[XviD-devel] discussion continue...
skal
xvid-devel@xvid.org
10 Sep 2002 13:52:10 +0200
Marc,
On Mon, 2002-09-09 at 17:24, Marc FD wrote:
> regarding "Hadamarad ;-)" my stuff was in fact 25% slower than skal's.
> I'm not that bad if i can reach a master in the matter ;))
you can do much better than this, by cooperating:
take the first_pass+transpose code, throw it away,
and replace it by a mix of yours and monsti's (list not
exhaustive). Keep the second pass as is, anyhow.
It's a 5min work, and the result will eventually be
better by, let's say 20% at least, than *any* of the
original codes, no matter what tremendous brain juice
is injected hand-optimizing them *separately*.
Perfect example of code cooperation.
here are the details:
the O(N.lnN) algo ("butterfly") beats your O(N^2) one.

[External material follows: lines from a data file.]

lemma apx_log_term_asymptotics:
  fixes U :: "nat \<Rightarrow> real"
  assumes "0 < K" "0 < \<alpha>" "\<And>t. 0 < U t" "(\<lambda>t. U t / real t) \<longlonglongrightarrow> u" "0 < u"
  shows "(\<lambda>t. (apx_log_term K \<alpha> (U t) - ln (1 / \<alpha>)) / ln (real t) - 1/2) \<longlonglongrightarrow> 0"
proof -
  define H where "H t = ln K - ln (1 - exp (- U t / 4)) + 1/2 * ln (2 * (U t / real t))" for t
  have "filterlim (\<lambda>t. 1/4 * U t) at_top sequentially"
    using filterlim_at_top_if_ratio_tendsto_pos[OF assms(4,5)]
    by (intro filterlim_tendsto_pos_mult_at_top[OF tendsto_const]) auto
  then have "(\<lambda>t. exp (- U t / 4)) \<longlonglongrightarrow> 0"
    by (intro filterlim_compose[OF exp_at_bot]) (simp add: filterlim_uminus_at_top)
  then have "H \<longlonglongrightarrow> ln K - ln (1 - 0) + 1/2 * ln (2 * u)"
    unfolding H_def using assms(5) by (intro tendsto_intros assms(4)) auto
  then have "(\<lambda>t. H t / ln (real t)) \<longlonglongrightarrow> 0"
    by (intro tendsto_divide_0 filterlim_at_top_imp_at_infinity
          filterlim_compose[OF ln_at_top filterlim_real_sequentially])
  moreover have "eventually (\<lambda>t. H t / ln (real t)
      = (apx_log_term K \<alpha> (U t) - ln (1 / \<alpha>)) / ln (real t) - 1/2) sequentially"
    using eventually_ge_at_top[of "2::nat"]
  proof eventually_elim
    case (elim t)
    then have "0 < ln (real t)" by simp
    then show ?case
      using apx_log_term_split[OF assms(1,2,3), of "real t" t] elim
      by (simp add: H_def field_simps)
  qed
  ultimately show ?thesis by (rule Lim_transform_eventually)
qed

lemma apx_ratio_square:
  assumes "2 \<le> t" "0 < u" "0 \<le> U" "0 \<le> G"
  shows "(2 / real t * sqrt (U * G) / Aapx u t)\<^sup>2 = 2 * U * G / (real t * u * ln (real t))"
proof -
  have "0 < ln (real t)" using assms(1) by simp
  then show ?thesis
    using assms by (simp add: Aapx_def power_divide power_mult_distrib field_simps power2_eq_square)
qed

lemma apx_ratio_square_eventually:
  fixes U :: "nat \<Rightarrow> real"
  assumes "0 < K" "0 < \<alpha>" "\<alpha> < 1" "0 < u" "\<And>t. 0 < U t" "(\<lambda>t. U t / real t) \<longlonglongrightarrow> u"
  defines "R t \<equiv> 2 / real t * sqrt (U t * apx_log_term K \<alpha> (U t)) / Aapx u t"
  shows "eventually (\<lambda>t. 0 \<le> R t \<and>
    (R t)\<^sup>2 = 2 * U t * apx_log_term K \<alpha> (U t) / (real t * u * ln (real t))) sequentially"
proof -
  define G where "G t = apx_log_term K \<alpha> (U t)" for t
  have "(\<lambda>t. (G t - ln (1 / \<alpha>)) / ln (real t) - 1/2) \<longlonglongrightarrow> 0"
    unfolding G_def using assms(1,2,5,6,4) by (rule apx_log_term_asymptotics)
  from tendstoD[OF this half_gt_zero[OF zero_less_one]] eventually_ge_at_top[of "2::nat"]
  show ?thesis
  proof eventually_elim
    case (elim t)
    then have "0 < (G t - ln (1 / \<alpha>)) / ln (real t)"
      unfolding dist_real_def by linarith
    moreover have "0 < ln (real t)" "0 < ln (1 / \<alpha>)"
      using elim assms(2,3) by simp_all
    ultimately have "0 < G t"
      by (simp add: zero_less_divide_iff)
    then have "0 \<le> R t"
      unfolding R_def G_def[symmetric] Aapx_def using elim assms(4) assms(5)[of t]
      by (intro divide_nonneg_nonneg mult_nonneg_nonneg) auto
    moreover have "(R t)\<^sup>2 = 2 * U t * G t / (real t * u * ln (real t))"
      unfolding R_def G_def using \<open>0 < G t\<close> elim assms(4) assms(5)[of t]
      by (intro apx_ratio_square) (auto simp: G_def)
    ultimately show ?case by (simp add: G_def)
  qed
qed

Take it for granted. If not for N=8, it'll be for N=16,
or higher...
But, we're not running any N, but specifically N=8.
Each butterfly pass takes 58cycles, but needs 2 transposes
(O(N)), which, for N=8, takes ~80cycles. Hence the
total: 2*58c + 80c = 196c. But if we get rid
of the transpose+1butterfly and replace it by your
O(N^2) code, we gain: 80c+58c - 112c = 26c. Easy money
in 5minutes (the time it takes to write an angry mail ;).
bye,
Skal